Figure from research paper about genetic lineage of tetropods

When visitors stroll among the remains of ancient beasts in the dinosaur halls of museums, they often focus on how bizarre they were. With the exception of the more bird-like forms, there is nothing like them alive today: immense sauropods with tails and necks that stretched to the horizon, armor-plated ankylosaurs festooned with spikes, stout ceratopsians ornamented with horns and frills, and gargantuan predatory theropods with banana-sized teeth.

What often goes unnoticed is that we share a deep history with these animals. They are, as spectacular as it may sound, our distant relatives. As reviewed in a new paper in the Annual Review of Ecology, Evolution, and Systematics, about 398 million years ago there was a particular group of fish, the lobed-fined or sarcopterygian fish, the organisms that gave rise to our common ancestor with the dinosaurs. The fish lived in freshwater and had a series of bones in their limbs. These and other factors made them different from fish whose fins were supported by a series of spines or fine rays. Within the sarcopterygians was the ancestor of creatures that would appear at about 385 million years ago, the “fishapods” like Panderichthys and Tiktaalik.

Rather than fins, these fishapods had rudimentary limbs which they used to raise their flat bodies up from the muddy bottom. They were equipped with both gills and lungs, and they were among the first creatures to have necks (in their fish ancestors, the shoulder girdle was attached to the skull, prohibiting flexibility). Despite these adaptations, these creatures were not yet walking on land, but their descendants would. It is difficult to pin down precise ancestor-descendant relationships, but it was this sort of creature that gave rise to the first true “limbed” creatures, the earliest tetrapods, which also had fingers and toes. These were animals like Acanthostega that had an amphibious life at the water’s edge.

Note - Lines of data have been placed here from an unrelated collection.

(* For a supersimple $2$-$(n,4,\lambda)$ design $\mathcal{D}=(\Omega,\mathcal{B})$, the following are equivalent: (i) for all $a,b,c,d\in\Omega$, $[a,b]^{[c,d]}=[a^{[c,d]},b^{[c,d]}]$; (ii) for all $a,b,c\in\Omega$, $[a,b]^{[b,c]}=[a^{[b,c]},c]$; (iii) for all $a,b,c\in\Omega$, $[b,c]=[a,b,c,a^{[b,c]}]$. In addition, if these conditions hold, then $\mathcal{L}_\infty(\mathcal{D})$ (for $\infty\in\Omega$) is a group of automorphisms of $\mathcal{D}$.
   Context: A $2$-$(n,4,\lambda)$ design $(\Omega,\mathcal{B})$: $n$ points, a multiset of $4$-subsets (lines), every $2$-subset in exactly $\lambda$ lines; supersimple: distinct lines meet in at most two points. For distinct $a,b$ with lines $\{a,b,a_i,b_i\}$ through them, $[a,b]:=(a,b)\prod_i(a_i,b_i)\in\operatorname{Sym}(\Omega)$; $[a,a]:=1$. Permutations act on the right ($x^g$), products composed left to right, and $g^h=h^{-1}gh$. Move sequence $[a_0,\dots,a_k]:=[a_0,a_1][a_1,a_2]\cdots[a_{k-1},a_k]$; $\mathcal{L}_\infty(\mathcal{D})$ is the set of all move sequences starting at $\infty$. *)

theory Defs
  imports Main "HOL-Library.Multiset" "HOL-Combinatorics.Permutations"
begin

definition design :: "'a set \<Rightarrow> 'a set multiset \<Rightarrow> nat \<Rightarrow> nat \<Rightarrow> bool" where
  "design \<Omega> B n lam \<longleftrightarrow> finite \<Omega> \<and> card \<Omega> = n \<and>
     (\<forall>L. L \<in># B \<longrightarrow> L \<subseteq> \<Omega> \<and> card L = 4) \<and>
     (\<forall>x\<in>\<Omega>. \<forall>y\<in>\<Omega>. x \<noteq> y \<longrightarrow> size (filter_mset (\<lambda>L. {x, y} \<subseteq> L) B) = lam)"

definition supersimple :: "'a set multiset \<Rightarrow> bool" where
  "supersimple B \<longleftrightarrow> (\<forall>X Y. X \<in># B \<longrightarrow> Y \<in># B - {#X#} \<longrightarrow> card (X \<inter> Y) \<le> 2)"

text \<open>The move [a,b] = (a,b) prod_i (a_i,b_i), written out pointwise (the transpositions
  are disjoint by supersimplicity). [a,a] = 1.\<close>
definition move :: "'a set multiset \<Rightarrow> 'a \<Rightarrow> 'a \<Rightarrow> 'a \<Rightarrow> 'a" where
  "move B a b x =
     (if a = b then x
      else if x = a then b
      else if x = b then a
      else if (\<exists>L. L \<in># B \<and> {a, b, x} \<subseteq> L)
        then (let L = (SOME L. L \<in># B \<and> {a, b, x} \<subseteq> L) in THE y. L - {a, b, x} = {y})
      else x)"

text \<open>Permutations act on the right, products composed left to right:
  x^(gh) = (x^g)^h, i.e. gh is the function h o g. Conjugation g^h = h^-1 g h.\<close>
definition conjp :: "('a \<Rightarrow> 'a) \<Rightarrow> ('a \<Rightarrow> 'a) \<Rightarrow> ('a \<Rightarrow> 'a)" where
  "conjp g h = h \<circ> g \<circ> inv h"

fun moveseq :: "'a set multiset \<Rightarrow> 'a list \<Rightarrow> 'a \<Rightarrow> 'a" where
  "moveseq B [] = id"
| "moveseq B [x] = id"
| "moveseq B (x # y # r) = moveseq B (y # r) \<circ> move B x y"

definition Linf :: "'a set \<Rightarrow> 'a set multiset \<Rightarrow> 'a \<Rightarrow> ('a \<Rightarrow> 'a) set" where
  "Linf \<Omega> B pinf = {moveseq B (pinf # as) | as. set as \<subseteq> \<Omega>}"

definition automorphism :: "'a set \<Rightarrow> 'a set multiset \<Rightarrow> ('a \<Rightarrow> 'a) \<Rightarrow> bool" where
  "automorphism \<Omega> B g \<longleftrightarrow> g permutes \<Omega> \<and> image_mset (\<lambda>L. g ` L) B = B"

Even though limbs had evolved in the water, they allowed early tetrapods to haul out onto land, a place inhabited by plants and invertebrates but no other vertebrates. This did not happen until about 330 million years ago, but when it did, it led to an explosion of diversity. Among the diverse forms was the common ancestor of living reptiles and amphibians as well as mammals and dinosaurs.

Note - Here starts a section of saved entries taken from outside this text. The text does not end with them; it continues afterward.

(* Let $m$ be an odd positive integer, $k\ge0$ an integer and $N=k+\frac{m-1}{2}$. Then for real $x_0$ and $r>0$ the following identities hold: \[\text{(i)}\quad \sum_{n=0}^{N}\binom{N}{n}(-2)^{-n}D_r(n)[\cos(2x_0r)]=\exp\left(-x_0^2\right)\sum_{n=0}^\infty\frac{2^{2n}n!\,x_0^{2n}}{(2n)!}L_n^{\left(k+\frac m2-1\right)}\left(r^2\right),\] \[\text{(ii)}\quad \sum_{n=0}^{N}\binom{N}{n}(-2)^{-n}D^r(n)[\sin(2x_0r)]=\exp\left(-x_0^2\right)\sum_{n=0}^\infty\frac{2^{2n+1}n!\,x_0^{2n+1}}{(2n+1)!}\,r\,L_n^{\left(k+\frac m2\right)}\left(r^2\right),\] where $L_n^{(a)}$ denote the generalized Laguerre polynomials.
   Context: The operators act in the variable $r>0$ (with $x_0$ a parameter): $D_r(n)[f]=(r^{-1}\partial_r)^nf$ and $D^r(n)[f]=(\partial_r\circ r^{-1})^nf$ (i.e. $n$-fold application of $f\mapsto\partial_r(f/r)$), with $D_r(0)=D^r(0)=\mathrm{id}$. *)

theory Defs
  imports "HOL-Analysis.Analysis"
begin

definition Dr :: "nat \<Rightarrow> (real \<Rightarrow> real) \<Rightarrow> (real \<Rightarrow> real)" where
  "Dr n f = ((\<lambda>g r. deriv g r / r) ^^ n) f"

definition Dup :: "nat \<Rightarrow> (real \<Rightarrow> real) \<Rightarrow> (real \<Rightarrow> real)" where
  "Dup n f = ((\<lambda>g r. deriv (\<lambda>s. g s / s) r) ^^ n) f"

definition laguerre :: "nat \<Rightarrow> real \<Rightarrow> real \<Rightarrow> real" where
  "laguerre n a x = (\<Sum>i\<le>n. (-1)^i * ((real n + a) gchoose (n - i)) * x^i / fact i)"

end

theory Submission
  imports Defs "HOL-Computational_Algebra.Formal_Power_Series"
begin

text \<open>
  Write cos (2 x s) and sin (2 x s) / s as power series in s^2 with coefficients
  (-1)^i w(i) x^(2i) / i!. On such series D_r(1), and likewise D^r(1), acts as twice the formal
  derivative of the coefficient sequence, so the left-hand sides become explicit double series
  in x^2 and r^2. After multiplication by exp (x^2) (a Cauchy product) the coefficient of x^(2j)
  is a binomial convolution, which the recurrence w(m+1) (m + a + 1) = w(m) together with the
  Chu-Vandermonde identity collapses to w(j) L_j^(N+a)(r^2). For the cosine
  w(m) = 4^m m! / (2m)! and a = -1/2, for the sine w(m) = 4^m m! / (2m+1)! and a = 1/2.
\<close>

lemma funpow_diffs: "(diffs ^^ n) c p = fact (p + n) / fact p * (c (p + n) :: real)"
proof (induction n arbitrary: p)
  case 0
  then show ?case by simp
next
  case (Suc n)
  have "(diffs ^^ Suc n) c p = of_nat (Suc p) * (diffs ^^ n) c (Suc p)"
    by (simp add: diffs_def)
  also have "\<dots> = of_nat (Suc p) * (fact (Suc p + n) / fact (Suc p) * c (Suc p + n))"
    using Suc by simp
  also have "\<dots> = fact (p + Suc n) / fact p * c (p + Suc n)"
    by (simp del: fact_Suc of_nat_Suc add: fact_Suc[of p] field_simps)
  finally show ?case .
qed

lemma summable_funpow_diffs:
  fixes c :: "nat \<Rightarrow> real"
  assumes "\<And>z. summable (\<lambda>i. c i * z^i)"
  shows "summable (\<lambda>i. (diffs ^^ n) c i * z^i)"
proof (induction n arbitrary: z)
  case 0
  then show ?case using assms by simp
next
  case (Suc n)
  then show ?case using termdiff_converges_all[of "(diffs ^^ n) c"] by simp
qed

lemma deriv_powser_square:
  fixes f :: "real \<Rightarrow> real"
  assumes c: "\<And>z. summable (\<lambda>i. c i * z^i)"
    and f: "\<And>s. s \<noteq> 0 \<Longrightarrow> f s = (\<Sum>i. c i * (s^2)^i)"
    and "r \<noteq> 0"
  shows "deriv f r = 2 * r * (\<Sum>i. diffs c i * (r^2)^i)"
proof -
  have "eventually (\<lambda>s. f s = (\<Sum>i. c i * (s^2)^i)) (nhds r)"
    using t1_space_nhds[OF \<open>r \<noteq> 0\<close>] by (rule eventually_mono) (use f in auto)
  then have "deriv f r = deriv (\<lambda>s. \<Sum>i. c i * (s^2)^i) r"
    by (rule deriv_cong_ev) simp
  also have "\<dots> = (\<Sum>i. diffs c i * (r^2)^i) * (2 * r)"
    by (rule DERIV_imp_deriv, rule DERIV_chain2[OF termdiffs_strong_converges_everywhere[OF c]])
      (auto intro!: derivative_eq_intros)
  finally show ?thesis by simp
qed

lemma Dr_powser_square:
  fixes f :: "real \<Rightarrow> real"
  assumes c: "\<And>z. summable (\<lambda>i. c i * z^i)"
    and f: "\<And>s. s \<noteq> 0 \<Longrightarrow> f s = (\<Sum>i. c i * (s^2)^i)"
    and "r \<noteq> 0"
  shows "(\<lambda>i. 2^n * (diffs ^^ n) c i * (r^2)^i) sums Dr n f r"
proof -
  have c': "summable (\<lambda>i. (2^n * (diffs ^^ n) c i) * z^i)" for n z
    using summable_funpow_diffs[OF c] by (simp add: mult.assoc summable_mult)
  have "s \<noteq> 0 \<Longrightarrow> Dr n f s = (\<Sum>i. 2^n * (diffs ^^ n) c i * (s^2)^i)" for s
  proof (induction n arbitrary: s)
    case 0
    then show ?case using f by (simp add: Dr_def)
  next
    case (Suc n)
    have "Dr (Suc n) f s = deriv (Dr n f) s / s" by (simp add: Dr_def)
    also have "\<dots> = 2 * (\<Sum>i. diffs (\<lambda>i. 2^n * (diffs ^^ n) c i) i * (s^2)^i)"
      using Suc by (subst deriv_powser_square[OF c']) auto
    also have "\<dots> = (\<Sum>i. 2 * (diffs (\<lambda>i. 2^n * (diffs ^^ n) c i) i * (s^2)^i))"
      using termdiff_converges_all[OF c'] by (simp add: suminf_mult)
    also have "\<dots> = (\<Sum>i. 2^Suc n * (diffs ^^ Suc n) c i * (s^2)^i)"
      by (simp add: diffs_def mult_ac)
    finally show ?case .
  qed
  then show ?thesis
    using c' \<open>r \<noteq> 0\<close> by (simp add: sums_iff)
qed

Lineages diverged and evolved through time, but our common ancestry can still be seen in our skeletons. We and dinosaurs share body plans based upon four limbs. Although our skeletons have been modified in different ways, we have many of the same types of bones (the bones of our limbs and hands are a good example), and this all goes back to our swamp-dwelling common ancestor almost 400 million years ago.